[Start of section]

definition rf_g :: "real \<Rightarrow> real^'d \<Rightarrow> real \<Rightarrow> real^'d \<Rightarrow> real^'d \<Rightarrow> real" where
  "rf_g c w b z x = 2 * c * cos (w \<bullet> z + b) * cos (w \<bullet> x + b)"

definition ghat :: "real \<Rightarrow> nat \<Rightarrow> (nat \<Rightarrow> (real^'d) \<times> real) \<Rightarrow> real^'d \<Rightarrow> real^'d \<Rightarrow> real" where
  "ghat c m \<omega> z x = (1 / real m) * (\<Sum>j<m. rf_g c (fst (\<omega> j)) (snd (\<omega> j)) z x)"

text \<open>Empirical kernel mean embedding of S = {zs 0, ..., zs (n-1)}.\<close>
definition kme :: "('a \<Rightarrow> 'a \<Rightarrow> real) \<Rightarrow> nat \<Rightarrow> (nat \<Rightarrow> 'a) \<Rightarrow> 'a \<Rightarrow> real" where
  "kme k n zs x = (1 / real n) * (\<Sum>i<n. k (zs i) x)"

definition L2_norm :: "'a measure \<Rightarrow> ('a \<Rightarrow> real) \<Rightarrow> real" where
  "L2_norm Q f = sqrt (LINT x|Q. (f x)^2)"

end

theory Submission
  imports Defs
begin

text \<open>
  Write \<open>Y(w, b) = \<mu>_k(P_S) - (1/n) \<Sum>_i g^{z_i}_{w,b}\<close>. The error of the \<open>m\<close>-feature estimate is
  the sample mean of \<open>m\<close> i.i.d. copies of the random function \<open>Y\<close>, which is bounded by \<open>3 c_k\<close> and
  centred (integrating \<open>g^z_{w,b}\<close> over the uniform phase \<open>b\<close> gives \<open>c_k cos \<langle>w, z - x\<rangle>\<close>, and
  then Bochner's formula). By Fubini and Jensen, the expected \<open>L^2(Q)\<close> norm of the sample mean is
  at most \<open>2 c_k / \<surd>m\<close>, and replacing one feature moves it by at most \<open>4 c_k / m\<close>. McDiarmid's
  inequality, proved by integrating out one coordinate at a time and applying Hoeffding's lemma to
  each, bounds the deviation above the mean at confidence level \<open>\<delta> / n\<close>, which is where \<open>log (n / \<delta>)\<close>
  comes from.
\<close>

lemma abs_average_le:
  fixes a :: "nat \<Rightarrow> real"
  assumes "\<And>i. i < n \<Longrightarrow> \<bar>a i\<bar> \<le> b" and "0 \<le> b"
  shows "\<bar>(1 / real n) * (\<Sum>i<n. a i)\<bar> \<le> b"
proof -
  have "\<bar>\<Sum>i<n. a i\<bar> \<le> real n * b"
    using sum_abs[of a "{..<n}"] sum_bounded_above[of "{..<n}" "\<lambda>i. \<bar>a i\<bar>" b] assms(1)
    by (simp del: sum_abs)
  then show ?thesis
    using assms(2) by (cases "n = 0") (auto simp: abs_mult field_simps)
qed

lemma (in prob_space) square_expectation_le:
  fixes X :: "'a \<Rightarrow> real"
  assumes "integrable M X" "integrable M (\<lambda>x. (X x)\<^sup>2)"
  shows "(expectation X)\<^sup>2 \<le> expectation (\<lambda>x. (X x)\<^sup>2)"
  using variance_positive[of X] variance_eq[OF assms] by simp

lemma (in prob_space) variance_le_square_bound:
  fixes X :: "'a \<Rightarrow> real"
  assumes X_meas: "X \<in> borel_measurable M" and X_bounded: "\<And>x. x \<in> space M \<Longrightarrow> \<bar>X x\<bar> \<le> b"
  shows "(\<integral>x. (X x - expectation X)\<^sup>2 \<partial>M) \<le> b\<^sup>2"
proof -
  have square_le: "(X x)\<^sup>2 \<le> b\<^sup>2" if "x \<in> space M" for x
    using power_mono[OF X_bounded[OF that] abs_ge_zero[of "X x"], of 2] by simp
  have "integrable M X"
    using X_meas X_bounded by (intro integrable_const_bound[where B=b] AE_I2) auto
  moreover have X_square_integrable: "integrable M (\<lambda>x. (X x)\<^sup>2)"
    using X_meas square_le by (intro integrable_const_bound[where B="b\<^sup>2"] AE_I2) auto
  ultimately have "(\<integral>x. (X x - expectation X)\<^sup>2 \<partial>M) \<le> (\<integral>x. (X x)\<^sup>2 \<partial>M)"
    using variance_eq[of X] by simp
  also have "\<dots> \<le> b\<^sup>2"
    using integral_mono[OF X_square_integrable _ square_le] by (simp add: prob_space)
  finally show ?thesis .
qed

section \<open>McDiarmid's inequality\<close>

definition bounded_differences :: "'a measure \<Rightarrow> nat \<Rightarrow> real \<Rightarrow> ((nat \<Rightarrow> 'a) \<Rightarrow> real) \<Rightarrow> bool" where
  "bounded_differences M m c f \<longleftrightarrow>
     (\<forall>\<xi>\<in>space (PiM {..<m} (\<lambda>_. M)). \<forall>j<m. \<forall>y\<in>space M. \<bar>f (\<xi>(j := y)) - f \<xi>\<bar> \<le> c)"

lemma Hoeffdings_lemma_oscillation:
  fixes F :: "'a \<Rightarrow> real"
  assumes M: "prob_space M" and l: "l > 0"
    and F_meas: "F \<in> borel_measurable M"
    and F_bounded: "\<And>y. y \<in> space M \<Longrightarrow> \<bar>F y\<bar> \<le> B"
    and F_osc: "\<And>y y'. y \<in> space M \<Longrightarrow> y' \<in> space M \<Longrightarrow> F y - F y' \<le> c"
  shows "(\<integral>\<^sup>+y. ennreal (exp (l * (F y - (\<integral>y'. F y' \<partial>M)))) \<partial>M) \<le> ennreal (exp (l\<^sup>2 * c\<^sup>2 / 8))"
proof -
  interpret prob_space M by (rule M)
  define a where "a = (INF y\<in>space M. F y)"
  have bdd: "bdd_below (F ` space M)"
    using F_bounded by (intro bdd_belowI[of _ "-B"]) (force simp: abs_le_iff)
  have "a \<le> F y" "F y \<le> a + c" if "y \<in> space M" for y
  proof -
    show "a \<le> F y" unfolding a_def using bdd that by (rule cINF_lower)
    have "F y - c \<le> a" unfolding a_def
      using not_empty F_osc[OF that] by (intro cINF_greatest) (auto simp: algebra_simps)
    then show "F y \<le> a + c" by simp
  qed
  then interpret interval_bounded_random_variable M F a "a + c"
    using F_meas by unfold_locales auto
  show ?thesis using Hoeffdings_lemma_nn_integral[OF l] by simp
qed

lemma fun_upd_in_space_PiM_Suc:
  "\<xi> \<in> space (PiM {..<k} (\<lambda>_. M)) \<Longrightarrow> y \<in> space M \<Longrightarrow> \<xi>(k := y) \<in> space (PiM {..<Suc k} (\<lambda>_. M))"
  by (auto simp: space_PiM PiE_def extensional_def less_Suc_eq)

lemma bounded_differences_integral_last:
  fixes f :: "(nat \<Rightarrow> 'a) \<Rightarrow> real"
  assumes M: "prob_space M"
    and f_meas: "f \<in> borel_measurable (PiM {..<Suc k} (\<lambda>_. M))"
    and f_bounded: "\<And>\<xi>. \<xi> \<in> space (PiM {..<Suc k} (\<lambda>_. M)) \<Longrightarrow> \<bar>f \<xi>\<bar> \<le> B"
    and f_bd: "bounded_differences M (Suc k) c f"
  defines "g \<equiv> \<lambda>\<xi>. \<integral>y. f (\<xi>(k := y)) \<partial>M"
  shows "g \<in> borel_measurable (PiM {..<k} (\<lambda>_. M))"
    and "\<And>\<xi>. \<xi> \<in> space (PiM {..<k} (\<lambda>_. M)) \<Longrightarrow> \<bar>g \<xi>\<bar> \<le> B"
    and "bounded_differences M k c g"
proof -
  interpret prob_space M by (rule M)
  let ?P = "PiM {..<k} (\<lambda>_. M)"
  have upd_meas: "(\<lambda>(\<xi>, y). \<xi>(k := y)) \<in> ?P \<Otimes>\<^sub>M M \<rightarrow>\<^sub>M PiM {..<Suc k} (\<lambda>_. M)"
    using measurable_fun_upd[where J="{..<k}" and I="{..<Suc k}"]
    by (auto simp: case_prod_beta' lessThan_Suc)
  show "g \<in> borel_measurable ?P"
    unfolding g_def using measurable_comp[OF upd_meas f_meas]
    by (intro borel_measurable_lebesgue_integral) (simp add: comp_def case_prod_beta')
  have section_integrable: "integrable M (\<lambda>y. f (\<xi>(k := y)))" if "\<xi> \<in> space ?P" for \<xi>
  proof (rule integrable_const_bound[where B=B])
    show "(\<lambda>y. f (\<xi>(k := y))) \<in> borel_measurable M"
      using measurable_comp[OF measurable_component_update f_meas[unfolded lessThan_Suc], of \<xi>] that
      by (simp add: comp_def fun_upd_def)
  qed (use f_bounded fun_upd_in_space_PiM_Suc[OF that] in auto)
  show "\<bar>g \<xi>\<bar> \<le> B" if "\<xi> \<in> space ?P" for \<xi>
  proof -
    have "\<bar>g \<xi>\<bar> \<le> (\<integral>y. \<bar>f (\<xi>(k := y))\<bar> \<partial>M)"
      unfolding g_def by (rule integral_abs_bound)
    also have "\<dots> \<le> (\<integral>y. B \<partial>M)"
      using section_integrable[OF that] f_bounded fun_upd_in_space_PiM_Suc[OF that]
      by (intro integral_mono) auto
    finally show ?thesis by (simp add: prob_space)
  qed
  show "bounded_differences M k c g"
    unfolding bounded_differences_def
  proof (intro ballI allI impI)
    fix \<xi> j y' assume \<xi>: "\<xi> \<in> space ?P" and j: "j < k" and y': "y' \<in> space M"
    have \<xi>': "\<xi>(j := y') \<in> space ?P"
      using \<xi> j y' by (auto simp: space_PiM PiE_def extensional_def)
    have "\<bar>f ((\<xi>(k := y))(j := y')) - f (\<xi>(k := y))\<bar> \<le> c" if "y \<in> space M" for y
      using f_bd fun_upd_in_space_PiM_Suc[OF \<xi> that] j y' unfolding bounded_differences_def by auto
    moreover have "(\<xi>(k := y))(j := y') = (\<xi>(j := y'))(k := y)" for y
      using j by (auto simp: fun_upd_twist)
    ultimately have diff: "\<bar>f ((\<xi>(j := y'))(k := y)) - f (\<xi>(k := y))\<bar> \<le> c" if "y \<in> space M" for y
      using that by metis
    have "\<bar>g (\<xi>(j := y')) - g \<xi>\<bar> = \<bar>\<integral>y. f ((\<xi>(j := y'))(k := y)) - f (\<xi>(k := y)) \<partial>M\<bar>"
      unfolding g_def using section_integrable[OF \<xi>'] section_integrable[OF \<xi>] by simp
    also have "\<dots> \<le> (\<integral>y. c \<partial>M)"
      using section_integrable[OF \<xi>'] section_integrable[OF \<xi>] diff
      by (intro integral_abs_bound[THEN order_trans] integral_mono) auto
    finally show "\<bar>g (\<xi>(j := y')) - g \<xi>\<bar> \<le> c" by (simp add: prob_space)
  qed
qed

[End of section]
[Start of section]

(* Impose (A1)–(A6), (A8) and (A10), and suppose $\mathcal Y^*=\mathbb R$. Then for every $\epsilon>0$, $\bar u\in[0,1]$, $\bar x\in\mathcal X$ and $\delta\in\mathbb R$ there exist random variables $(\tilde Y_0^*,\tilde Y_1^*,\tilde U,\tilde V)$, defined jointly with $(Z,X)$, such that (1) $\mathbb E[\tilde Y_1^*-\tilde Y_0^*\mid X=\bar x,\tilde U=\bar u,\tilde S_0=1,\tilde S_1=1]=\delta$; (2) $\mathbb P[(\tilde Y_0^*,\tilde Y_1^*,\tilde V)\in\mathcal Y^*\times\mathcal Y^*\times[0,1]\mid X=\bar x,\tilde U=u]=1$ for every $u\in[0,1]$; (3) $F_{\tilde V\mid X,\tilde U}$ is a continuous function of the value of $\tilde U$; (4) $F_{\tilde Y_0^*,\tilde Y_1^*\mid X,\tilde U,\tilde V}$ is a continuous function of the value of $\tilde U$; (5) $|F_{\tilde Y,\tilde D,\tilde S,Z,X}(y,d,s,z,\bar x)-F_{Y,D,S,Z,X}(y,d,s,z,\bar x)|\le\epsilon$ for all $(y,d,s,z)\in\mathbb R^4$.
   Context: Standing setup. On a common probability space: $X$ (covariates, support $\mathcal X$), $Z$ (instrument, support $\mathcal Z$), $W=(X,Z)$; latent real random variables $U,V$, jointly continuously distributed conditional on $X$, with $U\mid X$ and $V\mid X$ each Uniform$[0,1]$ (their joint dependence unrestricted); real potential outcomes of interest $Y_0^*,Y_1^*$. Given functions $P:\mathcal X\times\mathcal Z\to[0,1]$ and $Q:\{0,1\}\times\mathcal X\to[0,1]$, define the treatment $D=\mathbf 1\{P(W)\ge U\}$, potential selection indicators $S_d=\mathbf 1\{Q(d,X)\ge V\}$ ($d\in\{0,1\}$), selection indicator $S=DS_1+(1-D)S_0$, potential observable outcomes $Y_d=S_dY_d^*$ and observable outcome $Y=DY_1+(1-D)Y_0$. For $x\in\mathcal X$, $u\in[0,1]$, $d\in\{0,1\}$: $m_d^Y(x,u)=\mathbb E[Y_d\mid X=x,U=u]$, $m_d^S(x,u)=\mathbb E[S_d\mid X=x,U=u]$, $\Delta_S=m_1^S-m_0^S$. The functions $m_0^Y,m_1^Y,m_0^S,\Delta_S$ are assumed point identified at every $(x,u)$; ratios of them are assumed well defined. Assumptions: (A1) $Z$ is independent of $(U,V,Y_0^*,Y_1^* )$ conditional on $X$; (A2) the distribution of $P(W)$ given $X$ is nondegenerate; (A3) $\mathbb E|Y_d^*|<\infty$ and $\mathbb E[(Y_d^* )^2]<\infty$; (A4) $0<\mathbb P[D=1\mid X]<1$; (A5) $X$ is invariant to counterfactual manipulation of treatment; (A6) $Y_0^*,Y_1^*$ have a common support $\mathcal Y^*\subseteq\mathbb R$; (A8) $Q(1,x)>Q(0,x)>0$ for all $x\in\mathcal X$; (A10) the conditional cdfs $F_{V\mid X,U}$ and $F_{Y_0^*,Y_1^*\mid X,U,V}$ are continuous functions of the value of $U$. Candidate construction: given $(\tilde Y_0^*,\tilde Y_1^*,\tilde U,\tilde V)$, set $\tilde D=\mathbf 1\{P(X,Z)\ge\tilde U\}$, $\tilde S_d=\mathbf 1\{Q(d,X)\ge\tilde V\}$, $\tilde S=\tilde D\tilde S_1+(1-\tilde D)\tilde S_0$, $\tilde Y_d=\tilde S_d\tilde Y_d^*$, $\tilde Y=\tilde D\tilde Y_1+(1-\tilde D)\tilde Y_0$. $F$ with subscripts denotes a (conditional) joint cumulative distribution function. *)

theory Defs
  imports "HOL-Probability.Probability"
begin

[End of section]

About this exercise:
Look above for the line holding "(\<Sum>i<n. k (zs" and the line holding "inequality, proved by". Retype both, and every line between them, word for word and nothing else.

Your response:
  "kme k n zs x = (1 / real n) * (\<Sum>i<n. k (zs i) x)"

definition L2_norm :: "'a measure \<Rightarrow> ('a \<Rightarrow> real) \<Rightarrow> real" where
  "L2_norm Q f = sqrt (LINT x|Q. (f x)^2)"

end

theory Submission
  imports Defs
begin

text \<open>
  Write \<open>Y(w, b) = \<mu>_k(P_S) - (1/n) \<Sum>_i g^{z_i}_{w,b}\<close>. The error of the \<open>m\<close>-feature estimate is
  the sample mean of \<open>m\<close> i.i.d. copies of the random function \<open>Y\<close>, which is bounded by \<open>3 c_k\<close> and
  centred (integrating \<open>g^z_{w,b}\<close> over the uniform phase \<open>b\<close> gives \<open>c_k cos \<langle>w, z - x\<rangle>\<close>, and
  then Bochner's formula). By Fubini and Jensen, the expected \<open>L^2(Q)\<close> norm of the sample mean is
  at most \<open>2 c_k / \<surd>m\<close>, and replacing one feature moves it by at most \<open>4 c_k / m\<close>. McDiarmid's
  inequality, proved by integrating out one coordinate at a time and applying Hoeffding's lemma to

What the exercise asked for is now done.